А с другой стороны, возможно, и не было бы такой тяги идти туда, где всё уже знакомо, если бы хранитель уникальной кунсткамеры Ольга Дорофеева не отличалась той душевностью, которая помогает ей организовывать радушный приём ветеранов. И не беда, что Владимир Медюк, которому далеко не сегодня перевалило за восемьдесят, способен поддерживать разговор и час, и два, — скорее достоинство. Держать в напряжении собеседника и при этом его не утомить — согласитесь, нужно иметь определённый дар.

Владимир Медюк, День Победы, журнал  Сенатор, МТК Вечная Память

Но никогда Владимир Елисеевич, какие бы высокие кресла ни занимал, не любил краснобаев. Не терпит их и сейчас — политиков разного пошиба, способных завести народ в тупик.

На посту начальника Красноярского краевого производственно-технического управления связи (1975-1988) он трудился самозабвенно, появляясь в здании по проспекту Мира раньше всех — в семь утра, а уходил одним из последних — в девять-десять.

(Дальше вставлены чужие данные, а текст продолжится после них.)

lemma corec_step_mono:
  assumes "\<forall>x\<in>carA. F x \<in> car B" "\<forall>x\<in>carA. \<forall>y\<in>carA. prod_le As x y \<longrightarrow> le B (F x) (F y)"
    and "x \<in> carA" "y \<in> carA" "prod_le As x y"
  shows "le B (corec_step F x) (corec_step F y)"
  using assms g_ext_car g_ext_mono by (intro corec_step_le) auto

lemma corec_step_le_pointwise:
  assumes "\<forall>x\<in>carA. F x \<in> car B" "\<forall>x\<in>carA. F' x \<in> car B" "\<forall>x\<in>carA. le B (F x) (F' x)"
    and x: "x \<in> carA"
  shows "le B (corec_step F x) (corec_step F' x)"
proof -
  have "prod_le As x x"
    using x As_sized by (auto simp: prod_le_def prod_car_def intro: sized_cpo_refl)
  then show ?thesis using assms g_ext_car by (intro corec_step_le) auto
qed

lemma sizes_ord_prod: "x \<in> carA \<Longrightarrow> sizes As x \<in> ord_prod (map zeta As)"
  using As_sized by (auto simp: ord_prod_def prod_car_def intro!: sized_cpo_sz_le)

lemma sizes_max_prod:
  assumes x: "x \<in> max_prod As"
  shows "sizes As x = map zeta As"
proof (rule nth_equalityI)
  show "length (sizes As x) = length (map zeta As)" using x by (simp add: max_prod_def)
  fix j assume "j < length (sizes As x)"
  then have j: "j < n" by simp
  then have "maximal (car (As ! j)) (le (As ! j)) (x ! j)" using x by (simp add: max_prod_def)
  then have "sz (As ! j) (x ! j) = zeta (As ! j)"
    using sized_cpo_maximal_iff[OF As_nth_sized[OF j]] by (simp add: maximal_def)
  then show "sizes As x ! j = map zeta As ! j" using j x by (simp add: max_prod_def)
qed

definition size_rep :: "'o list \<Rightarrow> 'a list" where
  "size_rep a = (SOME x. x \<in> carA \<and> sizes As x = a)"
(* Let $p$ be a prime. Every $p^\alpha$-periodic map $\mathbb{Z}\to\mathbb{Z}_{p^\beta}$ ($\alpha,\beta\ge1$) is described by a $\mathbb{Z}_{p^\beta}$-polyfract, i.e. $\mathbb{Z}_{p^\beta}\binom{X}{\mathbb{Z}_{p^\alpha}}=\mathbb{Z}_{p^\beta}^{\mathbb{Z}_{p^\alpha}}$. More generally, if $q_1,\dots,q_n\ge p$ are powers of $p$ and $B$ is a finite commutative $p$-group, then every map $\mathbb{Z}_{q_1}\times\cdots\times\mathbb{Z}_{q_n}\to B$ is polyfractal: $$B\binom{X_1,\dots,X_n}{\mathbb{Z}_{q_1}\times\cdots\times\mathbb{Z}_{q_n}}=B^{\mathbb{Z}_{q_1}\times\cdots\times\mathbb{Z}_{q_n}}.$$
   Context: $\mathbb{Z}_r=\mathbb{Z}/r\mathbb{Z}$; $\binom{X}{\delta}=X(X-1)\cdots(X-\delta+1)/\delta!$, $\binom{X}{0}=1$. For a finitely generated commutative group $B$, a $B$-polyfract in $X_1,\dots,X_n$ is a formal finite sum $P=\sum_{\delta\in\mathbb{N}^n}P_\delta\prod_j\binom{X_j}{\delta_j}$ with $P_\delta\in B$, evaluated at $x\in\mathbb{Z}^n$ by $P(x)=\sum_\delta(\prod_j\binom{x_j}{\delta_j})P_\delta$. Polyfracts are identified with their evaluation maps (which is injective). $B\binom{X_1,\dots,X_n}{\mathbb{Z}_{q_1}\times\cdots\times\mathbb{Z}_{q_n}}$ is the set of $B$-polyfracts whose map on $\mathbb{Z}^n$ is $q_j$-periodic in the $j$-th variable, viewed as maps on $\mathbb{Z}_{q_1}\times\cdots\times\mathbb{Z}_{q_n}$. *)

theory Defs
  imports Main "HOL-Computational_Algebra.Primes"
begin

— Рабочий день с восьми был у меня музейной редкостью, — как о самых лучших годах своей жизни вспоминает ветеран. — А суббота становилась своего рода отдушиной. По крайней мере, в своём кабинете можно было без суеты решать текущие вопросы. Да и о глобальных проблемах связи в то же время не забывать…

При такой нагрузке не оставалось времени даже на спорт, способный выступить в качестве разрядки, и лишь в воскресенье вместе с супругой Раисой Аверьяновной, тоже, кстати, связисткой, он выезжал «на грядки» — дачей номенклатурного работника огородные посадки трудно было назвать.

Что тут скажешь? Связь иногда сравнивают с нервами страны, и если так, то в Красноярске эти нервные окончания действительно находились в надёжных руках очень крепкого и профессионально подготовленного человека, который умел спросить с других, потому как не давал поблажек себе.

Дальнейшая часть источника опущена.